"Window to the Heart," is a public art installation designed by New York and Tucson, Ariz.–based design studio Aranda\Lasch and artist Marcelo Coelho, of Melrose, Mass.–based Marcelo Coelho Studio. The love-themed installation won the 10th iteration of the Times Square Valentine Heart Design Competition—an annual design contest organized by the Times Square Alliance—in November 2017 and will be erected in New York's Father Duffy Square for the entire month of February.

Measuring 12 feet in diameter, "Window to the Heart" is set to be the world's largest Fresnel lens, a type of compact, lightweight lens that is widely used in lighthouse lamps. Designed and 3D-printed by Somerville, Mass.–based Formlabs, the sculpture's lens is fabricated using 3D-printed concentric, ring-shaped sections made of clear resin that are thinned down as they draw near the center. According to a release by the Alliance, the lens will "distort and capture the image of Times Square, optically bending light—and attention—to the heart-shaped window at its center."

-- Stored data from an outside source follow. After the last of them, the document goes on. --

lemma level_sets_tripartition_vector:
  assumes "R \<noteq> {}" "S \<noteq> {}" "T \<noteq> {}"
  shows "level_sets (tripartition_vector R S T) = {R, S, T}"
proof -
  let ?x = "tripartition_vector R S T"
  have fibre: "{j. ?x j = ?x i} = B" if "\<And>j. ?x j = c \<longleftrightarrow> j \<in> B" "i \<in> B" for c B i
  proof -
    have "?x i = c" using that by blast
    then have "{j. ?x j = ?x i} = {j. ?x j = c}" by (simp only:)
    then show ?thesis using that(1) by simp
  qed
  show ?thesis
    using assms fibre[OF tripartition_vector_eq_iff(1)] fibre[OF tripartition_vector_eq_iff(2)]
      fibre[OF tripartition_vector_eq_iff(3)]
    unfolding level_sets_def supp_tripartition_vector by blast
qed


lemma tripartition_vector_edge:
  assumes jk: "i \<noteq> j" "i \<noteq> k" "j \<noteq> k" and sub: "{i, j, k} \<subseteq> R \<union> S \<union> T"
    and "{i, j, k} \<subseteq> R \<or> {i, j, k} \<subseteq> S \<or> {i, j, k} \<subseteq> T
      \<or> ({i, j, k} \<inter> R \<noteq> {} \<and> {i, j, k} \<inter> S \<noteq> {} \<and> {i, j, k} \<inter> T \<noteq> {})"
  shows "tripartition_vector R S T j * tripartition_vector R S T k = (tripartition_vector R S T i)^2"
  using assms(5)
proof (elim disjE conjE)
  let ?x = "tripartition_vector R S T"
  assume "{i, j, k} \<inter> R \<noteq> {}" "{i, j, k} \<inter> S \<noteq> {}" "{i, j, k} \<inter> T \<noteq> {}"
  then obtain a b c where "a \<in> {i, j, k}" "a \<in> R" "b \<in> {i, j, k}" "b \<in> S"
    "c \<in> {i, j, k}" "c \<in> T"
    by blast
  then have "?x a = 1" "?x b = \<omega>" "?x c = \<omega>^2" "a \<in> {i, j, k}" "b \<in> {i, j, k}" "c \<in> {i, j, k}"
    using tripartition_vector_eq_iff(1-3) by blast+
  then have "{1, \<omega>, \<omega>^2} \<subseteq> ?x ` {i, j, k}" by (metis empty_subsetI image_eqI insert_subset)
  moreover have "?x l ^ 3 = 1" if "l \<in> {i, j, k}" for l
    using that sub omega_cube unfolding cube_eq_1_iff by (auto simp: tripartition_vector_def)
  ultimately show ?thesis by (rule mult_eq_square_if_rainbow[OF jk])
qed (use disjoint in \<open>auto simp: tripartition_vector_def power2_eq_square\<close>)
end

section \<open>Three-uniform hypergraphs\<close>

locale three_uniform =
  fixes E :: "'a::finite set set"
  assumes card_edge: "e \<in> E \<Longrightarrow> card e = 3"
begin

lemma edge_cases:
  assumes "e \<in> E" "i \<in> e"
  obtains j k where "e = {i, j, k}" "i \<noteq> j" "i \<noteq> k" "j \<noteq> k"
proof -
  obtain a b c where e: "e = {a, b, c}" "a \<noteq> b" "b \<noteq> c" "a \<noteq> c"
    using card_edge[OF assms(1)] by (auto simp: card_3_iff)
  with assms(2) consider "i = a" | "i = b" | "i = c" by blast
  then show ?thesis
    by cases (use that e in \<open>auto simp: insert_commute\<close>)
qed

lemma prod_edge_minus_eq_0:
  assumes "e \<in> E" "i \<in> e" "\<forall>j\<in>e - {i}. x j = 0"
  shows "(\<Prod>j\<in>e - {i}. x j) = (0 :: 'b :: comm_semiring_1)"
proof -
  obtain j k where "e = {i, j, k}" "i \<noteq> j" "i \<noteq> k" "j \<noteq> k"
    using edge_cases assms(1,2) .
  then show ?thesis using assms(3) prod_edge_minus[of e i j k x] by simp
qed

lemma balanced_edge:
  assumes "balanced E x" "{i, j, k} \<in> E" "i \<noteq> j" "i \<noteq> k" "j \<noteq> k"
  shows "x j * x k = (x i)^2"
proof -
  have "(\<Prod>l\<in>{i, j, k} - {i}. x l) = (x i)^2" using assms(1,2) unfolding balanced_def by blast
  then show ?thesis using prod_edge_minus[of "{i, j, k}" i j k x] assms(3-5) by simp
qed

“Times Square is a symbol for how we experience our world," said the designers in the same release. "It is a physical manifestation of our culture, one dispersed and absorbed through cameras and screens. And in this culture, to fall in love you must first fall through a lens.”
Previous winning installations include: "We Were Strangers Once Too" by The Office for Creative Research in 2017; "Heart of Hearts" by Collective-LOK in 2016; and the "HeartBeat" by Stereotank in 2015.
"Window to the Heart" opens Feb. 1 and will remain on view through Feb. 28.